A medida que una persona tiene más dinero para invertir, más altas serán las tasas y las comisiones que deberá pagar según explica Housel. Por ejemplo, una persona que invierte $500.000 debe pagar una comisión de 1%, que le representará $5.000; mientras que una persona que invierta $5’000.000 deberá pagar $500.000; a pesar de que se trate del mismo servicio y del mismo tipo de inversión.

Incluso, dependiendo del tipo de inversión y del riesgo, la tarifa podría llegar a aumentar en ciertos casos. Claro, las ganancias también pueden ser mayores y esto también puede ser opuesto a lo que se espera porque, digamos, en un caso de ganancia ocasional, entre más alto sea el monto, el impuesto también lo será.
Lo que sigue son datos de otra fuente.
lemma orthonormal_weights_bounds:
  fixes u :: "'i \<Rightarrow> complex^'n" and e :: "nat \<Rightarrow> complex^'n"
  assumes "finite I" and u: "orthonormal_on I u" and e: "orthonormal_on {l. l < n \<and> e l \<noteq> 0} e"
  shows "\<And>l. l < n \<Longrightarrow> (\<Sum>i\<in>I. (cmod (cinner (u i) (e l)))\<^sup>2) \<le> 1"
    and "(\<Sum>l<n. \<Sum>i\<in>I. (cmod (cinner (u i) (e l)))\<^sup>2) \<le> card I"
proof -
  show "(\<Sum>i\<in>I. (cmod (cinner (u i) (e l)))\<^sup>2) \<le> 1" if "l < n" for l
  proof -
    have "norm (e l) \<le> 1"
      using norm_orthonormal_on[OF e, of l] that by (cases "e l = 0") auto
    then show ?thesis
      unfolding cmod_cinner_commute[of "u _"] by (intro sum_cmod_cinner_sq_le_1 \<open>finite I\<close> u)
  qed
  have "(\<Sum>l<n. \<Sum>i\<in>I. (cmod (cinner (u i) (e l)))\<^sup>2)
      = (\<Sum>i\<in>I. \<Sum>l\<in>{l. l < n \<and> e l \<noteq> 0}. (cmod (cinner (u i) (e l)))\<^sup>2)"
    by (subst sum.swap) (intro sum.cong refl sum.mono_neutral_right; auto)
  also have "\<dots> \<le> (\<Sum>i\<in>I. 1)"
    using \<open>finite I\<close> e norm_orthonormal_on[OF u] by (intro sum_mono sum_cmod_cinner_sq_le_1) auto
  finally show "(\<Sum>l<n. \<Sum>i\<in>I. (cmod (cinner (u i) (e l)))\<^sup>2) \<le> card I"
    by simp
qed

lemma exists_orthogonal_nonzero:
  fixes w :: "nat \<Rightarrow> complex^'n"
  assumes "r < CARD('n)"
  obtains x where "x \<noteq> 0" and "\<forall>i<r. cinner x (w i) = 0"
proof -
  \<comment> \<open>complex orthogonality to \<open>w i\<close> is real orthogonality to \<open>w i\<close> and to \<open>\<i> w i\<close>\<close>
  define S where "S = w ` {..<r} \<union> (\<lambda>i. \<i> *s w i) ` {..<r}"
  have "dim S \<le> card S"
    by (rule dim_le_card) (auto simp: S_def span_superset)
  also have "\<dots> \<le> card (w ` {..<r}) + card ((\<lambda>i. \<i> *s w i) ` {..<r})"
    unfolding S_def by (rule card_Un_le)
  also have "\<dots> \<le> 2 * r"
    using card_image_le[of "{..<r}" w] card_image_le[of "{..<r}" "\<lambda>i. \<i> *s w i"] by simp
  also have "\<dots> < DIM(complex^'n)"
    using assms by simp
  finally obtain x where x: "x \<noteq> 0" "\<And>y. y \<in> span S \<Longrightarrow> orthogonal x y"
    by (rule orthogonal_to_subspace_exists) blast
  have "cinner x (w i) = 0" if "i < r" for i
  proof -
    have "inner x (w i) = 0" "inner x (\<i> *s w i) = 0"
      using x(2) that by (auto simp: S_def orthogonal_def span_base)
    then show ?thesis
      by (simp add: complex_eq_iff Re_cinner[symmetric] cinner_scale_right)
  qed
  then show ?thesis
    using that x(1) by blast
qed

lemma unitary_of_orthonormal_basis:
  fixes w :: "nat \<Rightarrow> complex^'n"
  assumes on: "orthonormal_on {..<CARD('n)} w" and h: "bij_betw h UNIV {..<CARD('n)}"
  shows "(\<chi> i a. w (h a) $ i) ** adjoint_mat (\<chi> i a. w (h a) $ i) = mat 1"
proof -
  have "inj h" and "h a < CARD('n)" for a
    using h by (auto simp: bij_betw_def)
  then have "adjoint_mat (\<chi> i a. w (h a) $ i) ** (\<chi> i a. w (h a) $ i) = mat 1"
    using orthonormal_onD[OF on]
    by (auto simp: vec_eq_iff matrix_matrix_mult_def adjoint_mat_def mat_def cinner_def
        mult.commute inj_eq)
  then show ?thesis
    by (rule matrix_left_right_inverse[THEN iffD1])
qed

lemma orthonormal_basis_expansion:
  fixes w :: "nat \<Rightarrow> complex^'n"
  assumes on: "orthonormal_on {..<CARD('n)} w"
  shows "x = (\<Sum>l<CARD('n). cinner x (w l) *s w l)"
proof -
  obtain h :: "'n \<Rightarrow> nat" where h: "bij_betw h UNIV {..<CARD('n)}"
    using ex_bij_betw_finite_nat[of "UNIV :: 'n set"] by (auto simp: lessThan_atLeast0)
  define W :: "complex^'n^'n" where "W = (\<chi> i a. w (h a) $ i)"
  have "x = W *v (adjoint_mat W *v x)"
    using unitary_of_orthonormal_basis[OF on h] by (simp add: matrix_vector_mul_assoc W_def)
  also have "\<dots> = (\<Sum>a\<in>UNIV. cinner x (w (h a)) *s w (h a))"
    by (simp add: vec_eq_iff W_def adjoint_mat_def matrix_vector_mult_def cinner_def sum_component
        sum_distrib_left mult_ac)
  also have "\<dots> = (\<Sum>l<CARD('n). cinner x (w l) *s w l)"
    by (rule sum.reindex_bij_betw[OF h])
  finally show ?thesis .
qed

section \<open>Spectral theorem for Hermitian matrices\<close>

definition hermitian :: "complex^'n^'n \<Rightarrow> bool" where
  "hermitian H \<longleftrightarrow> (\<forall>x y. cinner (H *v x) y = cinner x (H *v y))"

lemma hermitian_adjoint_mult_self: "hermitian (adjoint_mat A ** A)"
  unfolding hermitian_def by (metis cinner_adjoint_mult_self cinner_commute)

lemma hermitian_inner: "hermitian H \<Longrightarrow> inner (H *v x) y = inner x (H *v y)"
  by (metis Re_cinner hermitian_def)

lemma matrix_vector_scaleR_commute: "(A::'a::real_algebra_1^'n^'m) *v (c *\<^sub>R x) = c *\<^sub>R (A *v x)"
  by (simp add: linear_scale)

lemma quadratic_form_le_by_homogeneity:
  fixes H :: "complex^'n^'n"
  assumes "subspace V" and "y \<in> V"
    and max: "\<And>y. y \<in> V \<Longrightarrow> norm y = 1 \<Longrightarrow> inner (H *v y) y \<le> \<mu>"
  shows "inner (H *v y) y \<le> \<mu> * inner y y"
proof (cases "y = 0")
  case False
  have "inner (H *v ((1 / norm y) *\<^sub>R y)) ((1 / norm y) *\<^sub>R y) \<le> \<mu>"
    using assms False by (intro max) (simp_all add: subspace_scale)
  then show ?thesis
    using False by (simp add: matrix_vector_scaleR_commute power2_norm_eq_inner[symmetric]
        field_simps power2_eq_square)
qed simp

lemma nonpos_if_le_mult_all_pos:
  fixes a c :: real
  assumes "\<And>t. 0 < t \<Longrightarrow> a \<le> t * c"
  shows "a \<le> 0"
proof (rule ccontr)
  assume "\<not> a \<le> 0"
  define t where "t = a / (\<bar>c\<bar> + 1)"
  have "0 < t"
    using \<open>\<not> a \<le> 0\<close> by (simp add: t_def)
  then have "a \<le> t * \<bar>c\<bar>"
    using assms[of t] by (smt (verit) abs_ge_self mult_left_mono)
  also have "\<dots> < a"
    using \<open>\<not> a \<le> 0\<close> by (simp add: t_def field_simps)
  finally show False
    by simp
qed

lemma hermitian_maximizer_is_eigenvector:
  fixes H :: "complex^'n^'n"
  assumes herm: "hermitian H" and V: "subspace V" "\<And>y. y \<in> V \<Longrightarrow> H *v y \<in> V"
    and x: "x \<in> V" "norm x = 1"
    and max: "\<And>y. y \<in> V \<Longrightarrow> norm y = 1 \<Longrightarrow> inner (H *v y) y \<le> inner (H *v x) x"
  shows "H *v x = inner (H *v x) x *\<^sub>R x"
proof -
  define \<mu> where "\<mu> = inner (H *v x) x"
  define e where "e = H *v x - \<mu> *\<^sub>R x"
  have "e \<in> V"
    using V x by (simp add: e_def subspace_diff subspace_scale)
  have xx: "inner x x = 1"
    using x(2) by (simp add: power2_norm_eq_inner[symmetric])
  have ex: "inner e x = 0"
    by (simp add: e_def inner_diff_left xx \<mu>_def)
  have Hxe: "inner (H *v x) e = inner e e" "inner (H *v e) x = inner e e"
    using ex hermitian_inner[OF herm, of e x]
    by (simp_all add: e_def inner_diff_left inner_diff_right inner_commute)
  \<comment> \<open>the maximality of \<open>x\<close> in the direction \<open>e\<close>, to first order in \<open>t\<close>\<close>
  have "2 * inner e e \<le> t * (\<mu> * inner e e - inner (H *v e) e)" if "0 < t" for t
  proof -
    have "x + t *\<^sub>R e \<in> V"
      using V(1) x(1) \<open>e \<in> V\<close> by (simp add: subspace_add subspace_scale)
    then have "inner (H *v (x + t *\<^sub>R e)) (x + t *\<^sub>R e) \<le> \<mu> * inner (x + t *\<^sub>R e) (x + t *\<^sub>R e)"
      using V(1) max by (intro quadratic_form_le_by_homogeneity) (simp_all add: \<mu>_def)
    then have "t * (2 * inner e e) \<le> t * (t * (\<mu> * inner e e - inner (H *v e) e))"
      by (simp add: matrix_vector_right_distrib matrix_vector_scaleR_commute inner_add_left
          inner_add_right Hxe ex inner_commute[of x e] xx \<mu>_def[symmetric] algebra_simps)
    then show ?thesis
      using that by (simp add: mult_le_cancel_left_pos)
  qed
  then have "2 * inner e e \<le> 0"
    by (rule nonpos_if_le_mult_all_pos)
  then have "inner e e = 0"
    using inner_ge_zero[of e] by linarith
  then show ?thesis
    by (simp add: e_def \<mu>_def)
qed

lemma hermitian_exists_max_eigenvector:
  fixes H :: "complex^'n^'n"
  assumes herm: "hermitian H" and V: "subspace V" "\<And>y. y \<in> V \<Longrightarrow> H *v y \<in> V"
    and "V \<noteq> {0}"
  obtains x where "x \<in> V" "norm x = 1" "H *v x = inner (H *v x) x *\<^sub>R x"
    "\<And>y. y \<in> V \<Longrightarrow> norm y = 1 \<Longrightarrow> inner (H *v y) y \<le> inner (H *v x) x"
proof -
  obtain v where "v \<in> V" "v \<noteq> 0"
    using \<open>V \<noteq> {0}\<close> subspace_0[OF V(1)] by blast
  then have "(1 / norm v) *\<^sub>R v \<in> V \<inter> sphere 0 1"
    using V(1) by (simp add: subspace_scale)
  moreover have "compact (V \<inter> sphere 0 1)"
    using closed_subspace[OF V(1)] by (simp add: closed_Int_compact)
  moreover have "continuous_on (V \<inter> sphere 0 1) (\<lambda>y. inner (H *v y) y)"
    by (intro continuous_intros linear_continuous_on linear_conv_bounded_linear[THEN iffD1]
        matrix_vector_mul_linear)
  ultimately obtain x where x: "x \<in> V \<inter> sphere 0 1"
    and max: "\<And>y. y \<in> V \<inter> sphere 0 1 \<Longrightarrow> inner (H *v y) y \<le> inner (H *v x) x"
    using continuous_attains_sup[of "V \<inter> sphere 0 1" "\<lambda>y. inner (H *v y) y"] by blast
  have "H *v x = inner (H *v x) x *\<^sub>R x"
    using x max by (intro hermitian_maximizer_is_eigenvector[OF herm V]) auto
  then show ?thesis
    using that x max by auto
qed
• Las personas obsesionadas con la riqueza son quienes menos tienden a serlo

Esta es la ironía planteada Liz Koh, una experta financiera de Nueva Zelanda. Explica que la motivación de siempre querer acumular más y más no basta para que lo logren, ya que no solo requiere de buenas inversiones, sino también de inteligencia financiera que, muchas veces no desarrollan, por la simple presión de querer cada vez más.

Y es que para los “ricos” la verdadera recompensa es más sicológica que financiera pues el estrés y actitudes de avaricia que puede generar el hecho de siempre querer más dinero, suele tener un efecto opuesto, con una gran carga y responsabilidad financiera, según señala la experta.